#### EXERCISE PROMPT
Retyping the records exactly, down to the last line, is the whole job.

#### RECORD EXCERPTS

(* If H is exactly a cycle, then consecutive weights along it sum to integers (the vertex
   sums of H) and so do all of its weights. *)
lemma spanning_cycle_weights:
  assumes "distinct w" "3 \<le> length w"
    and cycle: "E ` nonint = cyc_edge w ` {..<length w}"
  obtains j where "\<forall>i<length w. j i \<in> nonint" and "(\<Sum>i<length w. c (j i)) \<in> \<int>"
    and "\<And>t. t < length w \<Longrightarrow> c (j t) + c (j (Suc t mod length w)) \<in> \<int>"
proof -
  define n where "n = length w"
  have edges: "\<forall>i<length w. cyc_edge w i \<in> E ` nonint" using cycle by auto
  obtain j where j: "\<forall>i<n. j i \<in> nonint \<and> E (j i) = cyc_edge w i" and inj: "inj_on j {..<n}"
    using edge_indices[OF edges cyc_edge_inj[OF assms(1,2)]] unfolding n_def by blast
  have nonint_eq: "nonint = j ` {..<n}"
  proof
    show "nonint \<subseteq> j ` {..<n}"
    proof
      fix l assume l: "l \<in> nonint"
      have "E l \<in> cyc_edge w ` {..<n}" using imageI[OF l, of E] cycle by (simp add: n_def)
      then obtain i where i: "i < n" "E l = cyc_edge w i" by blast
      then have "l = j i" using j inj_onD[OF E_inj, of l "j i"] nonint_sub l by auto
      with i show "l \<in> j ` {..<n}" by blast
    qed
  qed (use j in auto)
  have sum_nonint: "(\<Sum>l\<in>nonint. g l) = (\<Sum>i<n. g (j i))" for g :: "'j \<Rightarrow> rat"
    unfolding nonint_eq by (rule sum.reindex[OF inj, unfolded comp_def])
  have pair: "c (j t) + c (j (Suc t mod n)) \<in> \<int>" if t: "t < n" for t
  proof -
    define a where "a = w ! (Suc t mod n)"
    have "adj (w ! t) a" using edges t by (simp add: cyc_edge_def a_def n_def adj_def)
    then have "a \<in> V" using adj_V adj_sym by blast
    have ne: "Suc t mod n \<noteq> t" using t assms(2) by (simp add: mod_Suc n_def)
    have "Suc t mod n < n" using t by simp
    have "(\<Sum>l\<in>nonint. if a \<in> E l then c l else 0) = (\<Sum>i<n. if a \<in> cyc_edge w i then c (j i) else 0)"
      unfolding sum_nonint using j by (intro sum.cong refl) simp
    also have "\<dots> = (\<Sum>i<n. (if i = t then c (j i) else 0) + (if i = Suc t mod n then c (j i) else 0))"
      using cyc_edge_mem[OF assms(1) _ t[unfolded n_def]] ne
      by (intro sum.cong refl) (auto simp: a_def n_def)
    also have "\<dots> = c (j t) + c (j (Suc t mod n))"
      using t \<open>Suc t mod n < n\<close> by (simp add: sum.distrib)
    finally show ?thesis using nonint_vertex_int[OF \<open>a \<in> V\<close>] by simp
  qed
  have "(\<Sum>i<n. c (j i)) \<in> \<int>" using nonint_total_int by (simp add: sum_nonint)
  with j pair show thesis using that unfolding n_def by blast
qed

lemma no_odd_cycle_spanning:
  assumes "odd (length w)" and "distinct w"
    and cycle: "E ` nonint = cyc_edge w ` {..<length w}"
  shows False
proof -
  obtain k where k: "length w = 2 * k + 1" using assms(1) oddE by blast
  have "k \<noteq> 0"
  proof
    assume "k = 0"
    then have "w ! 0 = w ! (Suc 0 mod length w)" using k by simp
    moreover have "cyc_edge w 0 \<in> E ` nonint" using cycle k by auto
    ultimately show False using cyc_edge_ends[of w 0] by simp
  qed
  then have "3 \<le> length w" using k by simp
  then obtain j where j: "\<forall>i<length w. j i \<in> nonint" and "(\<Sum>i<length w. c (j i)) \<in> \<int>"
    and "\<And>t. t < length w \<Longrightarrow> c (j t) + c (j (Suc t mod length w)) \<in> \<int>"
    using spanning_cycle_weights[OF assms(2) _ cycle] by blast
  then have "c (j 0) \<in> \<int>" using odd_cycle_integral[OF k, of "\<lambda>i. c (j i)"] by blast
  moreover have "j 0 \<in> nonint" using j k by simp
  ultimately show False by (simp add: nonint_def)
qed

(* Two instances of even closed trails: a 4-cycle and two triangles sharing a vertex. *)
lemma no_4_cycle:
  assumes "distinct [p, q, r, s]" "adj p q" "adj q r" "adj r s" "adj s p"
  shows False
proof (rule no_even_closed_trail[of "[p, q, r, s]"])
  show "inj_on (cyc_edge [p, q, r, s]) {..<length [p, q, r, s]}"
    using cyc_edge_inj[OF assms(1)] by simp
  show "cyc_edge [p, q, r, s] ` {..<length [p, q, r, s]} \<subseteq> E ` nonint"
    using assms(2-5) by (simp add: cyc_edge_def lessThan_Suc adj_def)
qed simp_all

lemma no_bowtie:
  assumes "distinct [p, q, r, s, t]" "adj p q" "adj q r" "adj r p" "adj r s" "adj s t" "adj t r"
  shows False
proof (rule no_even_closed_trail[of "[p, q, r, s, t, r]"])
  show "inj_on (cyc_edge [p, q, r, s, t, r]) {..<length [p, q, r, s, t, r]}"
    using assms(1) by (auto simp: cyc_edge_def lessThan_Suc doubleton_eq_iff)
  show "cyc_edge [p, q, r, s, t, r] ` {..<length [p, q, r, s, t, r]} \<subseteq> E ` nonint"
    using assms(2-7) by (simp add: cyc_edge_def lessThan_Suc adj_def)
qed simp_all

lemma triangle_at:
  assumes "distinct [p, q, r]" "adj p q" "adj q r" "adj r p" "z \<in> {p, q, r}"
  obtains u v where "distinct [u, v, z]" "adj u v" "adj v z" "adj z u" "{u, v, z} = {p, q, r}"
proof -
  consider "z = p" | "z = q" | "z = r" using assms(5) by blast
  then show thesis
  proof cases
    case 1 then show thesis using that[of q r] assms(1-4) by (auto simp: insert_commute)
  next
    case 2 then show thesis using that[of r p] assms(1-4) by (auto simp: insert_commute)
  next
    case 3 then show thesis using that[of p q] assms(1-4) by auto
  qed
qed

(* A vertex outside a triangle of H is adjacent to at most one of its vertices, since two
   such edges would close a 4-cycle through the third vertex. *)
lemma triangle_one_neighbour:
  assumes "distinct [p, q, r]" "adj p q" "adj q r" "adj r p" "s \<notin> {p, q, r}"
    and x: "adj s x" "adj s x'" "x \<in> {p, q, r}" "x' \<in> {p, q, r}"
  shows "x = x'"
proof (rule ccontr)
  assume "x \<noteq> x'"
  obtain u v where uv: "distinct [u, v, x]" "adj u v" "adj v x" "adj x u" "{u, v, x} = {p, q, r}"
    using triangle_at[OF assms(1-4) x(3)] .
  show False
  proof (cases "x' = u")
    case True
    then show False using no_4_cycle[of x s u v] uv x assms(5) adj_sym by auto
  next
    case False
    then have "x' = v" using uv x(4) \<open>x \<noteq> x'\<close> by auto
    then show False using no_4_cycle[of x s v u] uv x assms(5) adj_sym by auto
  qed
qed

#### ANSWER TO THIS TASK
(* If H is exactly a cycle, then consecutive weights along it sum to integers (the vertex
   sums of H) and so do all of its weights. *)
lemma spanning_cycle_weights:
  assumes "distinct w" "3 \<le> length w"
    and cycle: "E ` nonint = cyc_edge w ` {..<length w}"
  obtains j where "\<forall>i<length w. j i \<in> nonint" and "(\<Sum>i<length w. c (j i)) \<in> \<int>"
    and "\<And>t. t < length w \<Longrightarrow> c (j t) + c (j (Suc t mod length w)) \<in> \<int>"
proof -
  define n where "n = length w"
  have edges: "\<forall>i<length w. cyc_edge w i \<in> E ` nonint" using cycle by auto
  obtain j where j: "\<forall>i<n. j i \<in> nonint \<and> E (j i) = cyc_edge w i" and inj: "inj_on j {..<n}"
    using edge_indices[OF edges cyc_edge_inj[OF assms(1,2)]] unfolding n_def by blast
  have nonint_eq: "nonint = j ` {..<n}"
  proof
    show "nonint \<subseteq> j ` {..<n}"
    proof
      fix l assume l: "l \<in> nonint"
      have "E l \<in> cyc_edge w ` {..<n}" using imageI[OF l, of E] cycle by (simp add: n_def)
      then obtain i where i: "i < n" "E l = cyc_edge w i" by blast
      then have "l = j i" using j inj_onD[OF E_inj, of l "j i"] nonint_sub l by auto
      with i show "l \<in> j ` {..<n}" by blast
    qed
  qed (use j in auto)
  have sum_nonint: "(\<Sum>l\<in>nonint. g l) = (\<Sum>i<n. g (j i))" for g :: "'j \<Rightarrow> rat"
    unfolding nonint_eq by (rule sum.reindex[OF inj, unfolded comp_def])
  have pair: "c (j t) + c (j (Suc t mod n)) \<in> \<int>" if t: "t < n" for t
  proof -
    define a where "a = w ! (Suc t mod n)"
    have "adj (w ! t) a" using edges t by (simp add: cyc_edge_def a_def n_def adj_def)
    then have "a \<in> V" using adj_V adj_sym by blast
    have ne: "Suc t mod n \<noteq> t" using t assms(2) by (simp add: mod_Suc n_def)
    have "Suc t mod n < n" using t by simp
    have "(\<Sum>l\<in>nonint. if a \<in> E l then c l else 0) = (\<Sum>i<n. if a \<in> cyc_edge w i then c (j i) else 0)"
      unfolding sum_nonint using j by (intro sum.cong refl) simp
    also have "\<dots> = (\<Sum>i<n. (if i = t then c (j i) else 0) + (if i = Suc t mod n then c (j i) else 0))"
      using cyc_edge_mem[OF assms(1) _ t[unfolded n_def]] ne
      by (intro sum.cong refl) (auto simp: a_def n_def)
    also have "\<dots> = c (j t) + c (j (Suc t mod n))"
      using t \<open>Suc t mod n < n\<close> by (simp add: sum.distrib)
    finally show ?thesis using nonint_vertex_int[OF \<open>a \<in> V\<close>] by simp
  qed
  have "(\<Sum>i<n. c (j i)) \<in> \<int>" using nonint_total_int by (simp add: sum_nonint)
  with j pair show thesis using that unfolding n_def by blast
qed

lemma no_odd_cycle_spanning:
  assumes "odd (length w)" and "distinct w"
    and cycle: "E ` nonint = cyc_edge w ` {..<length w}"
  shows False
proof -
  obtain k where k: "length w = 2 * k + 1" using assms(1) oddE by blast
  have "k \<noteq> 0"
  proof
    assume "k = 0"
    then have "w ! 0 = w ! (Suc 0 mod length w)" using k by simp
    moreover have "cyc_edge w 0 \<in> E ` nonint" using cycle k by auto
    ultimately show False using cyc_edge_ends[of w 0] by simp
  qed
  then have "3 \<le> length w" using k by simp
  then obtain j where j: "\<forall>i<length w. j i \<in> nonint" and "(\<Sum>i<length w. c (j i)) \<in> \<int>"
    and "\<And>t. t < length w \<Longrightarrow> c (j t) + c (j (Suc t mod length w)) \<in> \<int>"
    using spanning_cycle_weights[OF assms(2) _ cycle] by blast
  then have "c (j 0) \<in> \<int>" using odd_cycle_integral[OF k, of "\<lambda>i. c (j i)"] by blast
  moreover have "j 0 \<in> nonint" using j k by simp
  ultimately show False by (simp add: nonint_def)
qed

(* Two instances of even closed trails: a 4-cycle and two triangles sharing a vertex. *)
lemma no_4_cycle:
  assumes "distinct [p, q, r, s]" "adj p q" "adj q r" "adj r s" "adj s p"
  shows False
proof (rule no_even_closed_trail[of "[p, q, r, s]"])
  show "inj_on (cyc_edge [p, q, r, s]) {..<length [p, q, r, s]}"
    using cyc_edge_inj[OF assms(1)] by simp
  show "cyc_edge [p, q, r, s] ` {..<length [p, q, r, s]} \<subseteq> E ` nonint"
    using assms(2-5) by (simp add: cyc_edge_def lessThan_Suc adj_def)
qed simp_all

lemma no_bowtie:
  assumes "distinct [p, q, r, s, t]" "adj p q" "adj q r" "adj r p" "adj r s" "adj s t" "adj t r"
  shows False
proof (rule no_even_closed_trail[of "[p, q, r, s, t, r]"])
  show "inj_on (cyc_edge [p, q, r, s, t, r]) {..<length [p, q, r, s, t, r]}"
    using assms(1) by (auto simp: cyc_edge_def lessThan_Suc doubleton_eq_iff)
  show "cyc_edge [p, q, r, s, t, r] ` {..<length [p, q, r, s, t, r]} \<subseteq> E ` nonint"
    using assms(2-7) by (simp add: cyc_edge_def lessThan_Suc adj_def)
qed simp_all

lemma triangle_at:
  assumes "distinct [p, q, r]" "adj p q" "adj q r" "adj r p" "z \<in> {p, q, r}"
  obtains u v where "distinct [u, v, z]" "adj u v" "adj v z" "adj z u" "{u, v, z} = {p, q, r}"
proof -
  consider "z = p" | "z = q" | "z = r" using assms(5) by blast
  then show thesis
  proof cases
    case 1 then show thesis using that[of q r] assms(1-4) by (auto simp: insert_commute)
  next
    case 2 then show thesis using that[of r p] assms(1-4) by (auto simp: insert_commute)
  next
    case 3 then show thesis using that[of p q] assms(1-4) by auto
  qed
qed

(* A vertex outside a triangle of H is adjacent to at most one of its vertices, since two
   such edges would close a 4-cycle through the third vertex. *)
lemma triangle_one_neighbour:
  assumes "distinct [p, q, r]" "adj p q" "adj q r" "adj r p" "s \<notin> {p, q, r}"
    and x: "adj s x" "adj s x'" "x \<in> {p, q, r}" "x' \<in> {p, q, r}"
  shows "x = x'"
proof (rule ccontr)
  assume "x \<noteq> x'"
  obtain u v where uv: "distinct [u, v, x]" "adj u v" "adj v x" "adj x u" "{u, v, x} = {p, q, r}"
    using triangle_at[OF assms(1-4) x(3)] .
  show False
  proof (cases "x' = u")
    case True
    then show False using no_4_cycle[of x s u v] uv x assms(5) adj_sym by auto
  next
    case False
    then have "x' = v" using uv x(4) \<open>x \<noteq> x'\<close> by auto
    then show False using no_4_cycle[of x s v u] uv x assms(5) adj_sym by auto
  qed
qed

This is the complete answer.